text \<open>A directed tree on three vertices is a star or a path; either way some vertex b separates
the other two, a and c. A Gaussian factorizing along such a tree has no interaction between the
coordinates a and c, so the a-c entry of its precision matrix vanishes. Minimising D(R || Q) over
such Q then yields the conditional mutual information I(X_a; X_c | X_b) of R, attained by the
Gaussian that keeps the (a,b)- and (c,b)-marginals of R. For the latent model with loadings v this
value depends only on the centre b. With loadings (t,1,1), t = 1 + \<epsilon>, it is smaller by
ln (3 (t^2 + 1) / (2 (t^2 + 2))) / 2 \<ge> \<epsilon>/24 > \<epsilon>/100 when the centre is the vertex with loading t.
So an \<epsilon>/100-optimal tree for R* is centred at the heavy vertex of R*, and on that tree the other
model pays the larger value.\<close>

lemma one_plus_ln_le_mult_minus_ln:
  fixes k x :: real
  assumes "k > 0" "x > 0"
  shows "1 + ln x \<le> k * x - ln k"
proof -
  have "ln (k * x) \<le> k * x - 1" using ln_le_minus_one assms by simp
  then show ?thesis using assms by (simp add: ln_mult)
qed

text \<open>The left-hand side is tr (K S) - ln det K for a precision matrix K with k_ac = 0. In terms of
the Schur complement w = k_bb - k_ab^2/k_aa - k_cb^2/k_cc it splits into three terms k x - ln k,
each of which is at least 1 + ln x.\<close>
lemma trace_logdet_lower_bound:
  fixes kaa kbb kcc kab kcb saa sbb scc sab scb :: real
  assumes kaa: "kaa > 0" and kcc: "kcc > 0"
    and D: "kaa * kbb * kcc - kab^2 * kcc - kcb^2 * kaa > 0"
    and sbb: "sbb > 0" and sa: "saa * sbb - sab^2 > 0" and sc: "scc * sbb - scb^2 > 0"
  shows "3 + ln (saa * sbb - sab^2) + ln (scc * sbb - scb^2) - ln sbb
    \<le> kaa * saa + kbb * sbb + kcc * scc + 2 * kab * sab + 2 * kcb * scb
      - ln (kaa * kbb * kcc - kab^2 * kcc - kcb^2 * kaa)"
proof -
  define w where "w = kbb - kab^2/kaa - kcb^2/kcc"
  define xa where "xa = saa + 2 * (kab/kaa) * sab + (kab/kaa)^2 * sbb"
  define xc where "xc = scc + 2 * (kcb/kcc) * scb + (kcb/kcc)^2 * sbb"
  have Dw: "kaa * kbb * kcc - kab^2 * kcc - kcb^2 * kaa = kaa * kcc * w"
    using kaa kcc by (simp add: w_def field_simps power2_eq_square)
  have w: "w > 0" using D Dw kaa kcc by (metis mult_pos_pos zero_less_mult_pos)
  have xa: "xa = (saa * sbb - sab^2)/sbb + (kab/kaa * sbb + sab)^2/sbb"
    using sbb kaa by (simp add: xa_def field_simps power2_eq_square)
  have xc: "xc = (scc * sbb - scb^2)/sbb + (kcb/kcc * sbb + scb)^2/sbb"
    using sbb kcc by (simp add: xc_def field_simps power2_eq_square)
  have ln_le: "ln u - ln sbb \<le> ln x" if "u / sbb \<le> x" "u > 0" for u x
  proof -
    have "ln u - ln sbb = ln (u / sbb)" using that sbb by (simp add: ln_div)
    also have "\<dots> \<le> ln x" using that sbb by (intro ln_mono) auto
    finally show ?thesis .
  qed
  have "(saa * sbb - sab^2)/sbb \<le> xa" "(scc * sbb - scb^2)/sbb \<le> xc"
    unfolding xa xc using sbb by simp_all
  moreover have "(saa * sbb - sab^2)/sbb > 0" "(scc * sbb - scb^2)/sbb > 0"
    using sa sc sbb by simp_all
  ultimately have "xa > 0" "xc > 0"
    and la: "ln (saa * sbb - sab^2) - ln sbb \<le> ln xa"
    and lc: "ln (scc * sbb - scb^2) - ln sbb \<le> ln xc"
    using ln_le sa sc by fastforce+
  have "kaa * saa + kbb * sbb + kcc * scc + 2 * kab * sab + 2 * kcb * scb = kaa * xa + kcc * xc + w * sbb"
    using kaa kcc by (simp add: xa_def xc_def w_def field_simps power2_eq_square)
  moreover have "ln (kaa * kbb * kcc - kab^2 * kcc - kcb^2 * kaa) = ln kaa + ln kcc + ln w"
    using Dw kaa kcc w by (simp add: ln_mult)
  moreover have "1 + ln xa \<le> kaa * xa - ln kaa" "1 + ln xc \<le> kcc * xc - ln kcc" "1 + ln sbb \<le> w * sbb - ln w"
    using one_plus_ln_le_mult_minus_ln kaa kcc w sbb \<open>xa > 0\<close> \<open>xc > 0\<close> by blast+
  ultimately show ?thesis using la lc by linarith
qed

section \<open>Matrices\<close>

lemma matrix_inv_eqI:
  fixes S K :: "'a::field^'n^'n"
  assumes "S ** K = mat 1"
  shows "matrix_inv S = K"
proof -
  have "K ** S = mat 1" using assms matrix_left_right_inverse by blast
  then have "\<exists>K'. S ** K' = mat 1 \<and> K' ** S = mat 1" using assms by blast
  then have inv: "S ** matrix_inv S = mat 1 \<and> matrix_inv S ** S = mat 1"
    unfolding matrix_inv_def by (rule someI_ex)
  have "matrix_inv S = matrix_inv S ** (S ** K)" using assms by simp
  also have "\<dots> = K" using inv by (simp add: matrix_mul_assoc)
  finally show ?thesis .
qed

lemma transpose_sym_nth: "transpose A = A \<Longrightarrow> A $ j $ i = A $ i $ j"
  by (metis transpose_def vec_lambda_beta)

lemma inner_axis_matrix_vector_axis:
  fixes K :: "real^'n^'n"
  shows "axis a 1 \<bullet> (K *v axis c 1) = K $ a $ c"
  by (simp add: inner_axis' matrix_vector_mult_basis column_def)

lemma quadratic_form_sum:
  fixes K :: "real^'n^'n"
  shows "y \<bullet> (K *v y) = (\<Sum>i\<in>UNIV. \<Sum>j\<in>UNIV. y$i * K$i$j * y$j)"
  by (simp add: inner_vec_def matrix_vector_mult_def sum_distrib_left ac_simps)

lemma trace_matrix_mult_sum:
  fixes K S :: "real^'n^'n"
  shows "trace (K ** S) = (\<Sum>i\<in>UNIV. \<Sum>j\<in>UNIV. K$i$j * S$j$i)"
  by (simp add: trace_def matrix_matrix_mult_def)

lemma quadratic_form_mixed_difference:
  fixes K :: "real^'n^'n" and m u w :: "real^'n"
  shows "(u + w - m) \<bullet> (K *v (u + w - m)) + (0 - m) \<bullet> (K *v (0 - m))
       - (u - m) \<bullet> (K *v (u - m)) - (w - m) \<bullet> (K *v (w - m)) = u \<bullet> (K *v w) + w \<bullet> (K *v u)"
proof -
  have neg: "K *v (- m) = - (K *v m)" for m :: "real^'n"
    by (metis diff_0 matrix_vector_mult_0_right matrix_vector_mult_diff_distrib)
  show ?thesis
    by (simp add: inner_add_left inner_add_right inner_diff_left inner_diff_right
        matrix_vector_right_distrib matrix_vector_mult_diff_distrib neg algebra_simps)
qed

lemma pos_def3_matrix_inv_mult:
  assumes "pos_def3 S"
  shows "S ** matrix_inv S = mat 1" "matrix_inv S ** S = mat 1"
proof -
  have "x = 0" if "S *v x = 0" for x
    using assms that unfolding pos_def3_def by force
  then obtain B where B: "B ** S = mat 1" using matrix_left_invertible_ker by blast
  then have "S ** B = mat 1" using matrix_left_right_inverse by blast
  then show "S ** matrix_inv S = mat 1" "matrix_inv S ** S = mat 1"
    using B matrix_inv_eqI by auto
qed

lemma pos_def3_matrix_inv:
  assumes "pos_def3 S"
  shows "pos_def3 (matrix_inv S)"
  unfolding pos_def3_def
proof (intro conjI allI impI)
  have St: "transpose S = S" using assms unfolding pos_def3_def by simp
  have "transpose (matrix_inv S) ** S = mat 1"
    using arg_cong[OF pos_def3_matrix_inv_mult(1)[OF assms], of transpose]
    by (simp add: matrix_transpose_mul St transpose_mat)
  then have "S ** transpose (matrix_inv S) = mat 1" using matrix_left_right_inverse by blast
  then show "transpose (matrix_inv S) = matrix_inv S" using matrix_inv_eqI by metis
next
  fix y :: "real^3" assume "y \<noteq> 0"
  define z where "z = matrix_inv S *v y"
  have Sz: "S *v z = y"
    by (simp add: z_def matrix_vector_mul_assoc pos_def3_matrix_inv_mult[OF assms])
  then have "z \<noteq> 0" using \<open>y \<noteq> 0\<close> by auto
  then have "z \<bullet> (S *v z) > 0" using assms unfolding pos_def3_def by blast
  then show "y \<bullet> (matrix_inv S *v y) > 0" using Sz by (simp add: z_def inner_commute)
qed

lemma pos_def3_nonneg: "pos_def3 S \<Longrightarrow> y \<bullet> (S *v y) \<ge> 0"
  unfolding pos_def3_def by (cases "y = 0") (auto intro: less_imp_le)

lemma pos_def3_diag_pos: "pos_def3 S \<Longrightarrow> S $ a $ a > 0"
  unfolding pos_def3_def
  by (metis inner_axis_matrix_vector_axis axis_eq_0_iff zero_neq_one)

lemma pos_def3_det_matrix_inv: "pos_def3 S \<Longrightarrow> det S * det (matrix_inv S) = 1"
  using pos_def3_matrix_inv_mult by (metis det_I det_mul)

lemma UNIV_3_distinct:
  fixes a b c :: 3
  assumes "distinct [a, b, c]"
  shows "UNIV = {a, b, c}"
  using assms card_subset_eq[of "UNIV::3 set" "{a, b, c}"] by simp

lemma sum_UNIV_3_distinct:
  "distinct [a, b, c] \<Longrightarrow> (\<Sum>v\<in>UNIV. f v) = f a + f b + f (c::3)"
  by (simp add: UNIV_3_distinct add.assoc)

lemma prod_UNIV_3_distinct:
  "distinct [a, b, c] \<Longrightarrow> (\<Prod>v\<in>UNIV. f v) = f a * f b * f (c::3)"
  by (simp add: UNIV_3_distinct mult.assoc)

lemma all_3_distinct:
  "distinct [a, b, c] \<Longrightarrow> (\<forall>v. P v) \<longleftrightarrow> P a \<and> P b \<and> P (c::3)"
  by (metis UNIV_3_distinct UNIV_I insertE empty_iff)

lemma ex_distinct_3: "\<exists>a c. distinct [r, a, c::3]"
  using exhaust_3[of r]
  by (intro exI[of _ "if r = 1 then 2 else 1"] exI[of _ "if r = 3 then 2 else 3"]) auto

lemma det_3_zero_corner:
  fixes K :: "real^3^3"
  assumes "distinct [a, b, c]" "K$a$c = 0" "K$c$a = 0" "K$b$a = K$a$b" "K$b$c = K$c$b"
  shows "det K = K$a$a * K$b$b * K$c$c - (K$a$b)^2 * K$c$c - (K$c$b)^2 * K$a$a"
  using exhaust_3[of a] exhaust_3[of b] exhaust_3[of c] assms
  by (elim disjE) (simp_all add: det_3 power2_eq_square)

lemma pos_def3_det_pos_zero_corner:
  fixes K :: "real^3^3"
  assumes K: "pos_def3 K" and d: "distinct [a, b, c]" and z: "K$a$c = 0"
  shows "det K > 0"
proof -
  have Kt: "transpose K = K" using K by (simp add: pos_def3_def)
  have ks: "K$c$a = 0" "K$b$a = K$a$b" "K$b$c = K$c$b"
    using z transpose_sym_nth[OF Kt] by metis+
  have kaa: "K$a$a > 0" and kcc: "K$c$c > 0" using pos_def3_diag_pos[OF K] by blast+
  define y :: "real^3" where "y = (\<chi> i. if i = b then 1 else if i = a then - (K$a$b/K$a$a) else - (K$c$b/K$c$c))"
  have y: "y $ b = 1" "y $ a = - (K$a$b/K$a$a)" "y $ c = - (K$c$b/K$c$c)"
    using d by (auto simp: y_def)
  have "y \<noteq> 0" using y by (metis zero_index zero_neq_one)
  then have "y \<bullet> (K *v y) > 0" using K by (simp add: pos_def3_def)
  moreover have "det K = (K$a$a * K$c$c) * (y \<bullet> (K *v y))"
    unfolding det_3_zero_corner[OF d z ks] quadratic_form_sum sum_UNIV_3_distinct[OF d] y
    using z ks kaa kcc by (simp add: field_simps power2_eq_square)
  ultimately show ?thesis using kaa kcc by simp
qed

+===+

(Aim of the exercise):
Starting at the line in the records above that contains "using d by (auto simp: y_def)", output every line up to and including the last one, with nothing added.

(Result of the task):
    using d by (auto simp: y_def)
  have "y \<noteq> 0" using y by (metis zero_index zero_neq_one)
  then have "y \<bullet> (K *v y) > 0" using K by (simp add: pos_def3_def)
  moreover have "det K = (K$a$a * K$c$c) * (y \<bullet> (K *v y))"
    unfolding det_3_zero_corner[OF d z ks] quadratic_form_sum sum_UNIV_3_distinct[OF d] y
    using z ks kaa kcc by (simp add: field_simps power2_eq_square)
  ultimately show ?thesis using kaa kcc by simp
qed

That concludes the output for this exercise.